**DIRECTIONS FOR THIS TASK:**
Restate, word for word, the lines from the opening line of the data through the line containing "tb) (P (skeleton", both included, and nothing else.

**EXTRACTED MATERIAL:**
Content starts

lemma cellwise_by_set_tracks:
  "cellwise_by P c \<Longrightarrow> c (set_tracks x F) = set_tracks x (\<lambda>s tb. P (skeleton x) s tb (F s tb))"
  unfolding cellwise_by_def
  by (auto simp: set_tracks_set_tracks skeleton_set_tracks tracks_set_tracks intro!: set_tracks_cong)

lemma cellwise_comp:
  assumes "cellwise c" "cellwise d" shows "cellwise (c \<circ> d)"
proof -
  obtain P Q where P: "cellwise_by P c" and Q: "cellwise_by Q d" using assms unfolding cellwise_def by blast
  have "cellwise_by (\<lambda>I s tb. P I s tb \<circ> Q I s tb) (c \<circ> d)"
    unfolding cellwise_by_def
  proof (intro conjI allI)
    fix I s tb show "bij (P I s tb \<circ> Q I s tb)" using P Q unfolding cellwise_by_def by (auto intro: bij_comp)
  next
    fix x
    have "d x = set_tracks x (\<lambda>s tb. Q (skeleton x) s tb (tracks x s tb))" using Q unfolding cellwise_by_def by auto
    then show "(c \<circ> d) x = set_tracks x (\<lambda>s tb. (P (skeleton x) s tb \<circ> Q (skeleton x) s tb) (tracks x s tb))"
      using cellwise_by_set_tracks[OF P] by simp
  qed
  then show ?thesis unfolding cellwise_def by blast
qed

lemma cellwise_inv:
  assumes "cellwise c" shows "\<exists>c'. cellwise c' \<and> c' \<circ> c = id \<and> c \<circ> c' = id"
proof -
  obtain P where P: "cellwise_by P c" using assms unfolding cellwise_def by blast
  define c' where "c' x = set_tracks x (\<lambda>s tb. inv_into UNIV (P (skeleton x) s tb) (tracks x s tb))" for x
  have bP: "bij (P I s tb)" for I s tb using P unfolding cellwise_by_def by auto
  have P': "cellwise_by (\<lambda>I s tb. inv_into UNIV (P I s tb)) c'"
    unfolding cellwise_by_def c'_def using bP by (auto intro: bij_imp_bij_inv)
  have "c' \<circ> c = id"
  proof (rule ext)
    fix x
    have "c' (c x) = set_tracks x (\<lambda>s tb. inv_into UNIV (P (skeleton x) s tb) (P (skeleton x) s tb (tracks x s tb)))"
      using P cellwise_by_set_tracks[OF P'] unfolding cellwise_by_def by auto
    also have "\<dots> = set_tracks x (tracks x)" using bP by (simp add: bij_is_inj)
    finally show "(c' \<circ> c) x = id x" by (simp add: set_tracks_tracks)
  qed
  moreover have "c \<circ> c' = id"
  proof (rule ext)
    fix x
    have "c (c' x) = set_tracks x (\<lambda>s tb. P (skeleton x) s tb (inv_into UNIV (P (skeleton x) s tb) (tracks x s tb)))"
      using P' cellwise_by_set_tracks[OF P] unfolding cellwise_by_def by auto
    also have "\<dots> = set_tracks x (tracks x)" using bP by (simp add: bij_is_surj f_inv_into_f)
    finally show "(c \<circ> c') x = id x" by (simp add: set_tracks_tracks)
  qed
  ultimately show ?thesis using P' unfolding cellwise_def by blast
qed
lemma poly_basis_mult_vec:
  assumes M: "poly_basis_of_null_space P M" and a: "a \<in> carrier_vec (dim_col M)"
  shows "to_rat_fun_mat M *\<^sub>v a = NF *\<^sub>v (to_rat_fun_mat (top_rows M) *\<^sub>v a)"
proof -
  have "to_rat_fun_mat M = to_rat_fun_mat (N * top_rows M)"
    by (rule arg_cong[where f = to_rat_fun_mat, OF poly_basis_eq_N_mult_top_rows[OF M]])
  also have "\<dots> = NF * to_rat_fun_mat (top_rows M)"
    unfolding to_rat_fun_mat_def by (rule to_fract.mat_hom_mult[OF N_carrier top_rows_carrier])
  finally show ?thesis
    using assoc_mult_mat_vec[OF NF_carrier top_rows_fract_carrier a] by simp
qed

lemma poly_basis_unique_repr:
  assumes "poly_basis_of_null_space P M" "x \<in> right_null_space P"
  shows "\<exists>!c. c \<in> carrier_vec (dim_col M) \<and> to_rat_fun_mat M *\<^sub>v c = x"
  using assms unfolding poly_basis_of_null_space_def by auto

lemma top_rows_mult_inj:
  assumes M: "poly_basis_of_null_space P M" and a: "a \<in> carrier_vec (dim_col M)"
    and Ca: "to_rat_fun_mat (top_rows M) *\<^sub>v a = 0\<^sub>v (t 0)"
  shows "a = 0\<^sub>v (dim_col M)"
proof -
  let ?Mf = "to_rat_fun_mat M"
  have Mf: "?Mf \<in> carrier_mat n_cols (dim_col M)"
    using poly_basis_dim_row[OF M] unfolding to_rat_fun_mat_def by (intro carrier_matI) auto
  have "0\<^sub>v n_cols \<in> right_null_space P"
    unfolding right_null_space_P using mult_mat_vec_zero[OF PF_carrier] by simp
  then have "\<exists>!c. c \<in> carrier_vec (dim_col M) \<and> ?Mf *\<^sub>v c = 0\<^sub>v n_cols"
    by (rule poly_basis_unique_repr[OF M])
  moreover have "?Mf *\<^sub>v a = 0\<^sub>v n_cols"
    unfolding poly_basis_mult_vec[OF M a] Ca by (rule mult_mat_vec_zero[OF NF_carrier])
  moreover have "?Mf *\<^sub>v 0\<^sub>v (dim_col M) = 0\<^sub>v n_cols" by (rule mult_mat_vec_zero[OF Mf])
  ultimately show ?thesis using a zero_carrier_vec by (metis (no_types, lifting))
qed

lemma top_rows_mult_surj:
  assumes M: "poly_basis_of_null_space P M" and l: "l < t 0"
  shows "\<exists>a \<in> carrier_vec (dim_col M). to_rat_fun_mat (top_rows M) *\<^sub>v a = unit_vec (t 0) l"
proof -
  let ?e = "unit_vec (t 0) l :: complex poly fract vec"
  have "NF *\<^sub>v ?e \<in> right_null_space P"
    unfolding right_null_space_P using PF_mult_NF[of ?e] NF_carrier by simp
  then obtain a where a: "a \<in> carrier_vec (dim_col M)" "to_rat_fun_mat M *\<^sub>v a = NF *\<^sub>v ?e"
    using poly_basis_unique_repr[OF M] by blast
  then have "vec_block t (NF *\<^sub>v (to_rat_fun_mat (top_rows M) *\<^sub>v a)) 0 = vec_block t (NF *\<^sub>v ?e) 0"
    using poly_basis_mult_vec[OF M] by simp
  moreover have "to_rat_fun_mat (top_rows M) *\<^sub>v a \<in> carrier_vec (t 0)"
    using top_rows_fract_carrier a(1) by (rule mult_mat_vec_carrier)
  ultimately have "to_rat_fun_mat (top_rows M) *\<^sub>v a = ?e"
    using NF_top[of ?e] NF_top by simp
  then show ?thesis using a(1) by blast
qed

lemma poly_basis_top_rows:
  assumes M: "poly_basis_of_null_space P M"
  shows "dim_col M = t 0" "det (to_rat_fun_mat (top_rows M)) \<noteq> 0"
proof -
  let ?C = "to_rat_fun_mat (top_rows M)"
  have C: "?C \<in> carrier_mat (t 0) (dim_col M)" by (rule top_rows_fract_carrier)
  have "dim_col M \<le> t 0" using dim_col_le_dim_row_if_inj[OF C top_rows_mult_inj[OF M]] .
  moreover have "t 0 \<le> dim_col M" using dim_row_le_dim_col_if_surj[OF C top_rows_mult_surj[OF M]] .
  ultimately show m: "dim_col M = t 0" by simp
  show "det ?C \<noteq> 0"
  proof
    assume "det ?C = 0"
    then obtain v where "v \<in> carrier_vec (t 0)" "v \<noteq> 0\<^sub>v (t 0)" "?C *\<^sub>v v = 0\<^sub>v (t 0)"
      using det_0_iff_vec_prod_zero_field[of ?C "t 0"] C m by auto
    then show False using top_rows_mult_inj[OF M] m by auto
  qed
qed
definition admH :: "('l \<Rightarrow> 'l \<Rightarrow> 'l \<Rightarrow> bool) \<Rightarrow> 'l hidx \<Rightarrow> bool" where
  "admH adm t = (case t of (a, b, i, c, d) \<Rightarrow> adm a i b \<and> adm i d c)"

text \<open>Elements of H_C: complex coefficient functions supported on admissible index tuples.\<close>
definition Hspace :: "('l \<Rightarrow> 'l \<Rightarrow> 'l \<Rightarrow> bool) \<Rightarrow> ('l hidx \<Rightarrow> complex) set" where
  "Hspace adm = {x. \<forall>t. \<not> admH adm t \<longrightarrow> x t = 0}"

definition cscale :: "complex \<Rightarrow> ('x \<Rightarrow> complex) \<Rightarrow> ('x \<Rightarrow> complex)" where
  "cscale c f = (\<lambda>x. c * f x)"

definition ebasis :: "('l \<Rightarrow> 'l \<Rightarrow> 'l \<Rightarrow> bool) \<Rightarrow> 'l hidx \<Rightarrow> ('l hidx \<Rightarrow> complex)" where
  "ebasis adm t = (\<lambda>s. if s = t \<and> admH adm t then 1 else 0)"

abbreviation sq :: "real \<Rightarrow> complex" where
  "sq x \<equiv> complex_of_real (sqrt x)"

text \<open>Multiplication: e^{ab}_{i;cd} e^{a'b'}_{i';c'd'} = \<delta>_{c a'} \<delta>_{d b'} \<delta>_{i i'} / sqrt d_i  e^{ab}_{i;c'd'}.\<close>
definition Hmult :: "('l::finite \<Rightarrow> real) \<Rightarrow> ('l hidx \<Rightarrow> complex) \<Rightarrow> ('l hidx \<Rightarrow> complex)
     \<Rightarrow> ('l hidx \<Rightarrow> complex)" where
  "Hmult d x y = (\<lambda>(a, b, i, c', d').
      (\<Sum>(c, e)\<in>UNIV. x (a, b, i, c, e) * y (c, e, i, c', d')) / sq (d i))"

definition Hunit :: "('l \<Rightarrow> 'l \<Rightarrow> 'l \<Rightarrow> bool) \<Rightarrow> ('l \<Rightarrow> real) \<Rightarrow> ('l hidx \<Rightarrow> complex)" where
  "Hunit adm d = (\<lambda>(a, b, i, c, e). if c = a \<and> e = b \<and> admH adm (a, b, i, c, e) then sq (d i) else 0)"

definition Hcounit :: "'l::finite \<Rightarrow> ('l hidx \<Rightarrow> complex) \<Rightarrow> complex" where
  "Hcounit one x = (\<Sum>(a, c)\<in>UNIV. x (a, a, one, c, c))"
theorem lemma2:
  fixes E :: "'n::finite \<Rightarrow> 'n \<Rightarrow> bool" and q :: 'n
  assumes "strongly_connected E"
  shows "\<exists>G :: real^'n^'n.
           (\<forall>i. (\<Sum>j\<in>UNIV. G $ i $ j) = 0) \<and>
           (\<forall>i j. j \<noteq> i \<and> \<not> E j i \<longrightarrow> G $ i $ j = 0) \<and>
           controllable_pair G (unit_vec q)"
proof -
  have "E\<^sup>*\<^sup>* q u" for u
    using assms unfolding strongly_connected_def by blast
  then obtain p where parent: "\<And>u. u \<noteq> q \<Longrightarrow> E (p u) u" and reach: "\<And>v. \<exists>k. (p ^^ k) v = q"
    using ex_spanning_arborescence unfolding spanning_arborescence_def by metis
  obtain c :: "'n \<Rightarrow> real" where "inj c" "c q = 0"
    using ex_inj_real_vanishing_at by blast
  have "tree_matrix c p $ i $ j = 0" if "j \<noteq> i" "\<not> E j i" for i j
    using that parent[of i] \<open>c q = 0\<close> by (cases "i = q") (auto intro: tree_matrix_eq_0)
  then show ?thesis
    using tree_matrix_row_sum tree_matrix_controllable[OF \<open>inj c\<close> \<open>c q = 0\<close> reach] by blast
qed

end
(* Let $n$ be a positive integer, let $L/K_P$ be a finite extension, and let $\alpha\in K_P^+$ satisfy $v_L(\alpha)\in n\mathbb{Z}$. Then there exists a finite purely inseparable extension $L_1/L$ such that the unique $n$-th root $\alpha^{1/n}\in\mathbb{C}_P^+$ lies in $L_1^+$.
   Context: $X$ is a smooth projective curve over a finite field of characteristic $p$, $P$ a closed point, $K_P$ the completion of its function field at $P$, $\mathbb{C}_P$ the completion of an algebraic closure of $K_P$; all extensions of $K_P$ lie in $\mathbb{C}_P$. For a complete extension $L$ of $K_P$, $\mu_L$ denotes the roots of unity in $L$ and $L^+=L^\times/\mu_L$ is the group of positive numbers; for $L'\subseteq L$ one has $L'^+\subseteq L^+\subseteq\mathbb{C}_P^+$. The group $\mathbb{C}_P^+$ is uniquely divisible. For $L/K_P$ finite, $v_L=e_{L/K_P}v_P$ is the normalized valuation of $L$ (extended to $\mathbb{C}_P$), which is well defined on positive numbers. *)

theory Defs
  imports "HOL-Computational_Algebra.Primes" "HOL-Algebra.Algebraic_Closure" "HOL-Algebra.Finite_Extensions" "HOL-Algebra.Embedded_Algebras"
begin

text \<open>Ambient field R plays the role of C_P, with an additive valuation
  v (only meaningful on nonzero elements), normalized later so that v(K_P^x) = Z.\<close>

definition is_valuation :: "('a, 'b) ring_scheme \<Rightarrow> ('a \<Rightarrow> real) \<Rightarrow> bool" where
  "is_valuation R v \<longleftrightarrow>
     (\<forall>x \<in> carrier R - {\<zero>\<^bsub>R\<^esub>}. \<forall>y \<in> carrier R - {\<zero>\<^bsub>R\<^esub>}.
        v (x \<otimes>\<^bsub>R\<^esub> y) = v x + v y \<and>
        (x \<oplus>\<^bsub>R\<^esub> y \<noteq> \<zero>\<^bsub>R\<^esub> \<longrightarrow> v (x \<oplus>\<^bsub>R\<^esub> y) \<ge> min (v x) (v y)))"

text \<open>x is close to y: distance at most exp(-M), i.e. x = y or v(x - y) >= M.\<close>
definition vclose :: "('a, 'b) ring_scheme \<Rightarrow> ('a \<Rightarrow> real) \<Rightarrow> real \<Rightarrow> 'a \<Rightarrow> 'a \<Rightarrow> bool" where
  "vclose R v M x y \<longleftrightarrow> x = y \<or> v (x \<ominus>\<^bsub>R\<^esub> y) \<ge> M"

definition vcauchy :: "('a, 'b) ring_scheme \<Rightarrow> ('a \<Rightarrow> real) \<Rightarrow> (nat \<Rightarrow> 'a) \<Rightarrow> bool" where
  "vcauchy R v f \<longleftrightarrow> (\<forall>M. \<exists>N. \<forall>m\<ge>N. \<forall>n\<ge>N. vclose R v M (f m) (f n))"

definition vconverges :: "('a, 'b) ring_scheme \<Rightarrow> ('a \<Rightarrow> real) \<Rightarrow> (nat \<Rightarrow> 'a) \<Rightarrow> 'a \<Rightarrow> bool" where
  "vconverges R v f x \<longleftrightarrow> (\<forall>M. \<exists>N. \<forall>n\<ge>N. vclose R v M (f n) x)"

definition vcomplete :: "('a, 'b) ring_scheme \<Rightarrow> ('a \<Rightarrow> real) \<Rightarrow> 'a set \<Rightarrow> bool" where
  "vcomplete R v S \<longleftrightarrow>
     (\<forall>f. (\<forall>n. f n \<in> S) \<and> vcauchy R v f \<longrightarrow> (\<exists>x \<in> S. vconverges R v f x))"

definition vdense :: "('a, 'b) ring_scheme \<Rightarrow> ('a \<Rightarrow> real) \<Rightarrow> 'a set \<Rightarrow> 'a set \<Rightarrow> bool" where
  "vdense R v D S \<longleftrightarrow> (\<forall>x \<in> S. \<forall>M. \<exists>y \<in> D. vclose R v M y x)"

definition finite_residue_field :: "('a, 'b) ring_scheme \<Rightarrow> ('a \<Rightarrow> real) \<Rightarrow> 'a set \<Rightarrow> bool" where
  "finite_residue_field R v K \<longleftrightarrow>
     (\<exists>F. finite F \<and> F \<subseteq> K \<and>
        (\<forall>x \<in> K. (x = \<zero>\<^bsub>R\<^esub> \<or> v x \<ge> 0) \<longrightarrow>
           (\<exists>s \<in> F. x = s \<or> v (x \<ominus>\<^bsub>R\<^esub> s) > 0)))"

text \<open>Standing setup: R = C_P (algebraically closed, complete, of characteristic p,
  the completion of the algebraic closure of K = K_P), K = K_P a local field of
  characteristic p (complete, discretely valued with v normalized so v(K^x) = Z,
  finite residue field). Such K are exactly the completions K_P of function fields of
  smooth projective curves over finite fields at closed points.\<close>
definition CP_setup :: "('a, 'b) ring_scheme \<Rightarrow> ('a \<Rightarrow> real) \<Rightarrow> nat \<Rightarrow> 'a set \<Rightarrow> bool" where
  "CP_setup R v p K \<longleftrightarrow>
     field R \<and> algebraically_closed R \<and> Factorial_Ring.prime p \<and> [p] \<cdot>\<^bsub>R\<^esub> \<one>\<^bsub>R\<^esub> = \<zero>\<^bsub>R\<^esub> \<and>
     is_valuation R v \<and> vcomplete R v (carrier R) \<and>
     subfield K R \<and> v ` (K - {\<zero>\<^bsub>R\<^esub>}) = range real_of_int \<and>
     vcomplete R v K \<and> finite_residue_field R v K \<and>
     vdense R v {x \<in> carrier R. \<not> ring.transcendental R K x} (carrier R)"

definition finite_ext :: "('a, 'b) ring_scheme \<Rightarrow> 'a set \<Rightarrow> 'a set \<Rightarrow> bool" where
  "finite_ext R K L \<longleftrightarrow> subfield L R \<and> K \<subseteq> L \<and> ring.finite_dimension R K L"

definition purely_insep_finite_ext :: "('a, 'b) ring_scheme \<Rightarrow> nat \<Rightarrow> 'a set \<Rightarrow> 'a set \<Rightarrow> bool" where
  "purely_insep_finite_ext R p L L1 \<longleftrightarrow>
     finite_ext R L L1 \<and> (\<forall>x \<in> L1. \<exists>k::nat. x [^]\<^bsub>R\<^esub> (p ^ k) \<in> L)"

definition ram_index :: "('a, 'b) ring_scheme \<Rightarrow> ('a \<Rightarrow> real) \<Rightarrow> 'a set \<Rightarrow> nat" where
  "ram_index R v L = (THE e::nat. e > 0 \<and>
       v ` (L - {\<zero>\<^bsub>R\<^esub>}) = {real_of_int k / real e | k. True})"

Content ends

**RESULT:**
lemma cellwise_by_set_tracks:
  "cellwise_by P c \<Longrightarrow> c (set_tracks x F) = set_tracks x (\<lambda>s tb. P (skeleton x) s tb (F s tb))"
  unfolding cellwise_by_def
  by (auto simp: set_tracks_set_tracks skeleton_set_tracks tracks_set_tracks intro!: set_tracks_cong)

lemma cellwise_comp:
  assumes "cellwise c" "cellwise d" shows "cellwise (c \<circ> d)"
proof -
  obtain P Q where P: "cellwise_by P c" and Q: "cellwise_by Q d" using assms unfolding cellwise_def by blast
  have "cellwise_by (\<lambda>I s tb. P I s tb \<circ> Q I s tb) (c \<circ> d)"
    unfolding cellwise_by_def
  proof (intro conjI allI)
    fix I s tb show "bij (P I s tb \<circ> Q I s tb)" using P Q unfolding cellwise_by_def by (auto intro: bij_comp)
  next
    fix x
    have "d x = set_tracks x (\<lambda>s tb. Q (skeleton x) s tb (tracks x s tb))" using Q unfolding cellwise_by_def by auto
    then show "(c \<circ> d) x = set_tracks x (\<lambda>s tb. (P (skeleton x) s tb \<circ> Q (skeleton x) s tb) (tracks x s tb))"
      using cellwise_by_set_tracks[OF P] by simp
  qed
  then show ?thesis unfolding cellwise_def by blast
qed

lemma cellwise_inv:
  assumes "cellwise c" shows "\<exists>c'. cellwise c' \<and> c' \<circ> c = id \<and> c \<circ> c' = id"
proof -
  obtain P where P: "cellwise_by P c" using assms unfolding cellwise_def by blast
  define c' where "c' x = set_tracks x (\<lambda>s tb. inv_into UNIV (P (skeleton x) s tb) (tracks x s tb))" for x
  have bP: "bij (P I s tb)" for I s tb using P unfolding cellwise_by_def by auto
  have P': "cellwise_by (\<lambda>I s tb. inv_into UNIV (P I s tb)) c'"
    unfolding cellwise_by_def c'_def using bP by (auto intro: bij_imp_bij_inv)
  have "c' \<circ> c = id"
  proof (rule ext)
    fix x
    have "c' (c x) = set_tracks x (\<lambda>s tb. inv_into UNIV (P (skeleton x) s tb) (P (skeleton x) s tb (tracks x s tb)))"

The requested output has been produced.